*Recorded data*
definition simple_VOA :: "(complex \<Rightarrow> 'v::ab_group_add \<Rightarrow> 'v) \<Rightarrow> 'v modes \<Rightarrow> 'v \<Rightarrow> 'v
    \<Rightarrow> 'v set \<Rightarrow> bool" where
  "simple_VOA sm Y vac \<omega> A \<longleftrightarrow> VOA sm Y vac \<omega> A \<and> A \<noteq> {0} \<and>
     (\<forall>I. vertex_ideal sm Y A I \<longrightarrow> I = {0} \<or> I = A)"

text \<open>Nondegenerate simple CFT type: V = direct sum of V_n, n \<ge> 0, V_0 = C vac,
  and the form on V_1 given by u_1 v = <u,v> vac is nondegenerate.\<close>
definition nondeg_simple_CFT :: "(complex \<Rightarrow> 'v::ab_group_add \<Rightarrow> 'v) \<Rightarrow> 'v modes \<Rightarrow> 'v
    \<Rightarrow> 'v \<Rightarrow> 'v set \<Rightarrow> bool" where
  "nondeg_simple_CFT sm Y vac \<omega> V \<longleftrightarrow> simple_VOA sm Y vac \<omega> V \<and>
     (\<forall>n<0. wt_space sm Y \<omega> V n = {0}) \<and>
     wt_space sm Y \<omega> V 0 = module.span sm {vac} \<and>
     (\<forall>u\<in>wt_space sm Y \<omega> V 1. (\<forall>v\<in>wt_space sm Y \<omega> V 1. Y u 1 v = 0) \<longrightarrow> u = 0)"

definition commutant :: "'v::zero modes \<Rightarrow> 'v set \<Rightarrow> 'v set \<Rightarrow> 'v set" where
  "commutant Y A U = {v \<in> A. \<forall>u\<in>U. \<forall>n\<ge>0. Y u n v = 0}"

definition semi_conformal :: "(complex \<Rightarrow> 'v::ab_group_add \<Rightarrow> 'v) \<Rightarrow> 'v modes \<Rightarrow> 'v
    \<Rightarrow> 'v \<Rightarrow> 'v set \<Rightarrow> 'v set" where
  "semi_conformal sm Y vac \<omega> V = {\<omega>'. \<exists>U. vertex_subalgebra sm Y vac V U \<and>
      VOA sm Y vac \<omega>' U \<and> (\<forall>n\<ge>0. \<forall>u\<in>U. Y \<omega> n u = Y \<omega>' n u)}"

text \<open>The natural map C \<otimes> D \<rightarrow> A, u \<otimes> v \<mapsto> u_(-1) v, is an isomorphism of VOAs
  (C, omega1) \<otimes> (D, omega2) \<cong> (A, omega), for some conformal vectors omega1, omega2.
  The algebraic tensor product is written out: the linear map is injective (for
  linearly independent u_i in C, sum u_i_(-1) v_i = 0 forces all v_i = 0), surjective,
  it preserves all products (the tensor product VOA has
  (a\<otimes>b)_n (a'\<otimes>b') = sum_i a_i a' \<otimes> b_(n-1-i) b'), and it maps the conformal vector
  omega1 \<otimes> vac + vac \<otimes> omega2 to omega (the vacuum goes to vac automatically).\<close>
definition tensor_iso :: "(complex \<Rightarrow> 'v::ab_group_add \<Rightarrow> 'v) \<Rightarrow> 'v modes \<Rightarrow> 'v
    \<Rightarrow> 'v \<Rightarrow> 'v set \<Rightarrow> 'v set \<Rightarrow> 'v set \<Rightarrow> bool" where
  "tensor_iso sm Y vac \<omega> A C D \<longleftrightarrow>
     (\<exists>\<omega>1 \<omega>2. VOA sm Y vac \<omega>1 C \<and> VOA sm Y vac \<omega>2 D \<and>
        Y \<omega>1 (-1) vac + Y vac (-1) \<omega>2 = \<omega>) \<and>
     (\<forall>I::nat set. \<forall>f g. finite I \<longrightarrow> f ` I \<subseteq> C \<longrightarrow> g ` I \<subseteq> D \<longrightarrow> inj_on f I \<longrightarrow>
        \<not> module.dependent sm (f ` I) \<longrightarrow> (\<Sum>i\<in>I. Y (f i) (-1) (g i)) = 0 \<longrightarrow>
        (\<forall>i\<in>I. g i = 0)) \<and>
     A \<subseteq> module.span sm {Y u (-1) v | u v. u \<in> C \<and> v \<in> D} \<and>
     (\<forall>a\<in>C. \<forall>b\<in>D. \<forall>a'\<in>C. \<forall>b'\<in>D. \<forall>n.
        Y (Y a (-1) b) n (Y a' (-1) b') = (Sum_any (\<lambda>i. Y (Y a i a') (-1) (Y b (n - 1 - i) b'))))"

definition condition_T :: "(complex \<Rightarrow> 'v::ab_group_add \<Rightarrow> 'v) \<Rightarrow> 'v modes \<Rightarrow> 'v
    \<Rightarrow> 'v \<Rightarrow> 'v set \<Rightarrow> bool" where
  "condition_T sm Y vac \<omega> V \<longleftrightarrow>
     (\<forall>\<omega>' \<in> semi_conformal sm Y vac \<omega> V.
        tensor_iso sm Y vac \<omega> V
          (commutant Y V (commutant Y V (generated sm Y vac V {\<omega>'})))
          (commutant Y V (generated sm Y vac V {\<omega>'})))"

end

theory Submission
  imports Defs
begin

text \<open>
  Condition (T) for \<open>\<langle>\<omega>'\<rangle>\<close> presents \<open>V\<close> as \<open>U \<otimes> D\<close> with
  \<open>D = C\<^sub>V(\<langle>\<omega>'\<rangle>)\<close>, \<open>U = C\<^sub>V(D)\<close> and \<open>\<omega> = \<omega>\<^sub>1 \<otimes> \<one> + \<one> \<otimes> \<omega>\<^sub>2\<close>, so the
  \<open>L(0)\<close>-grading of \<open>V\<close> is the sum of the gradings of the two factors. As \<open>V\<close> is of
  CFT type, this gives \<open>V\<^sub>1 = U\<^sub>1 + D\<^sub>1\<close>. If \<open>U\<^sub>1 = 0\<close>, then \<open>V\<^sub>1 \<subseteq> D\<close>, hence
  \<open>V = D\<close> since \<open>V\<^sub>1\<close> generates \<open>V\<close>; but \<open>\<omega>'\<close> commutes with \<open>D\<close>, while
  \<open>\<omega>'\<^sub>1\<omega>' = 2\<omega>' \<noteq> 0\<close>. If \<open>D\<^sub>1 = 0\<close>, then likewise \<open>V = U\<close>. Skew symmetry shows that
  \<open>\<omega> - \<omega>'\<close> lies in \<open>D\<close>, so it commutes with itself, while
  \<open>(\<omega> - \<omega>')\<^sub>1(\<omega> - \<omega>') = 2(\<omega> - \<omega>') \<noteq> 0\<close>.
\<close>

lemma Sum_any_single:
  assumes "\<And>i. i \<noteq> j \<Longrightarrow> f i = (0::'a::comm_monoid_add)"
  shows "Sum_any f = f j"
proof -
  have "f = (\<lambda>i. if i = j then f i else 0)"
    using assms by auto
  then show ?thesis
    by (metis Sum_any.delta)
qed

*The problem*
Word for word, write out each of the records above.

*Result of this exercise*
definition simple_VOA :: "(complex \<Rightarrow> 'v::ab_group_add \<Rightarrow> 'v) \<Rightarrow> 'v modes \<Rightarrow> 'v \<Rightarrow> 'v
    \<Rightarrow> 'v set \<Rightarrow> bool" where
  "simple_VOA sm Y vac \<omega> A \<longleftrightarrow> VOA sm Y vac \<omega> A \<and> A \<noteq> {0} \<and>
     (\<forall>I. vertex_ideal sm Y A I \<longrightarrow> I = {0} \<or> I = A)"

text \<open>Nondegenerate simple CFT type: V = direct sum of V_n, n \<ge> 0, V_0 = C vac,
  and the form on V_1 given by u_1 v = <u,v> vac is nondegenerate.\<close>
definition nondeg_simple_CFT :: "(complex \<Rightarrow> 'v::ab_group_add \<Rightarrow> 'v) \<Rightarrow> 'v modes \<Rightarrow> 'v
    \<Rightarrow> 'v \<Rightarrow> 'v set \<Rightarrow> bool" where
  "nondeg_simple_CFT sm Y vac \<omega> V \<longleftrightarrow> simple_VOA sm Y vac \<omega> V \<and>
     (\<forall>n<0. wt_space sm Y \<omega> V n = {0}) \<and>
     wt_space sm Y \<omega> V 0 = module.span sm {vac} \<and>
     (\<forall>u\<in>wt_space sm Y \<omega> V 1. (\<forall>v\<in>wt_space sm Y \<omega> V 1. Y u 1 v = 0) \<longrightarrow> u = 0)"

definition commutant :: "'v::zero modes \<Rightarrow> 'v set \<Rightarrow> 'v set \<Rightarrow> 'v set" where
  "commutant Y A U = {v \<in> A. \<forall>u\<in>U. \<forall>n\<ge>0. Y u n v = 0}"

definition semi_conformal :: "(complex \<Rightarrow> 'v::ab_group_add \<Rightarrow> 'v) \<Rightarrow> 'v modes \<Rightarrow> 'v
    \<Rightarrow> 'v \<Rightarrow> 'v set \<Rightarrow> 'v set" where
  "semi_conformal sm Y vac \<omega> V = {\<omega>'. \<exists>U. vertex_subalgebra sm Y vac V U \<and>
      VOA sm Y vac \<omega>' U \<and> (\<forall>n\<ge>0. \<forall>u\<in>U. Y \<omega> n u = Y \<omega>' n u)}"

text \<open>The natural map C \<otimes> D \<rightarrow> A, u \<otimes> v \<mapsto> u_(-1) v, is an isomorphism of VOAs
  (C, omega1) \<otimes> (D, omega2) \<cong> (A, omega), for some conformal vectors omega1, omega2.
  The algebraic tensor product is written out: the linear map is injective (for
  linearly independent u_i in C, sum u_i_(-1) v_i = 0 forces all v_i = 0), surjective,
  it preserves all products (the tensor product VOA has
  (a\<otimes>b)_n (a'\<otimes>b') = sum_i a_i a' \<otimes> b_(n-1-i) b'), and it maps the conformal vector
  omega1 \<otimes> vac + vac \<otimes> omega2 to omega (the vacuum goes to vac automatically).\<close>
definition tensor_iso :: "(complex \<Rightarrow> 'v::ab_group_add \<Rightarrow> 'v) \<Rightarrow> 'v modes \<Rightarrow> 'v
    \<Rightarrow> 'v \<Rightarrow> 'v set \<Rightarrow> 'v set \<Rightarrow> 'v set \<Rightarrow> bool" where
  "tensor_iso sm Y vac \<omega> A C D \<longleftrightarrow>
     (\<exists>\<omega>1 \<omega>2. VOA sm Y vac \<omega>1 C \<and> VOA sm Y vac \<omega>2 D \<and>
        Y \<omega>1 (-1) vac + Y vac (-1) \<omega>2 = \<omega>) \<and>
     (\<forall>I::nat set. \<forall>f g. finite I \<longrightarrow> f ` I \<subseteq> C \<longrightarrow> g ` I \<subseteq> D \<longrightarrow> inj_on f I \<longrightarrow>
        \<not> module.dependent sm (f ` I) \<longrightarrow> (\<Sum>i\<in>I. Y (f i) (-1) (g i)) = 0 \<longrightarrow>
        (\<forall>i\<in>I. g i = 0)) \<and>
     A \<subseteq> module.span sm {Y u (-1) v | u v. u \<in> C \<and> v \<in> D} \<and>
     (\<forall>a\<in>C. \<forall>b\<in>D. \<forall>a'\<in>C. \<forall>b'\<in>D. \<forall>n.
        Y (Y a (-1) b) n (Y a' (-1) b') = (Sum_any (\<lambda>i. Y (Y a i a') (-1) (Y b (n - 1 - i) b'))))"

definition condition_T :: "(complex \<Rightarrow> 'v::ab_group_add \<Rightarrow> 'v) \<Rightarrow> 'v modes \<Rightarrow> 'v
    \<Rightarrow> 'v \<Rightarrow> 'v set \<Rightarrow> bool" where
  "condition_T sm Y vac \<omega> V \<longleftrightarrow>
     (\<forall>\<omega>' \<in> semi_conformal sm Y vac \<omega> V.
        tensor_iso sm Y vac \<omega> V
          (commutant Y V (commutant Y V (generated sm Y vac V {\<omega>'})))
          (commutant Y V (generated sm Y vac V {\<omega>'})))"

end

theory Submission
  imports Defs
begin

text \<open>
  Condition (T) for \<open>\<langle>\<omega>'\<rangle>\<close> presents \<open>V\<close> as \<open>U \<otimes> D\<close> with
  \<open>D = C\<^sub>V(\<langle>\<omega>'\<rangle>)\<close>, \<open>U = C\<^sub>V(D)\<close> and \<open>\<omega> = \<omega>\<^sub>1 \<otimes> \<one> + \<one> \<otimes> \<omega>\<^sub>2\<close>, so the
  \<open>L(0)\<close>-grading of \<open>V\<close> is the sum of the gradings of the two factors. As \<open>V\<close> is of
  CFT type, this gives \<open>V\<^sub>1 = U\<^sub>1 + D\<^sub>1\<close>. If \<open>U\<^sub>1 = 0\<close>, then \<open>V\<^sub>1 \<subseteq> D\<close>, hence
  \<open>V = D\<close> since \<open>V\<^sub>1\<close> generates \<open>V\<close>; but \<open>\<omega>'\<close> commutes with \<open>D\<close>, while
  \<open>\<omega>'\<^sub>1\<omega>' = 2\<omega>' \<noteq> 0\<close>. If \<open>D\<^sub>1 = 0\<close>, then likewise \<open>V = U\<close>. Skew symmetry shows that
  \<open>\<omega> - \<omega>'\<close> lies in \<open>D\<close>, so it commutes with itself, while
  \<open>(\<omega> - \<omega>')\<^sub>1(\<omega> - \<omega>') = 2(\<omega> - \<omega>') \<noteq> 0\<close>.
\<close>

lemma Sum_any_single:
  assumes "\<And>i. i \<noteq> j \<Longrightarrow> f i = (0::'a::comm_monoid_add)"
  shows "Sum_any f = f j"
proof -
  have "f = (\<lambda>i. if i = j then f i else 0)"
    using assms by auto
  then show ?thesis
    by (metis Sum_any.delta)
qed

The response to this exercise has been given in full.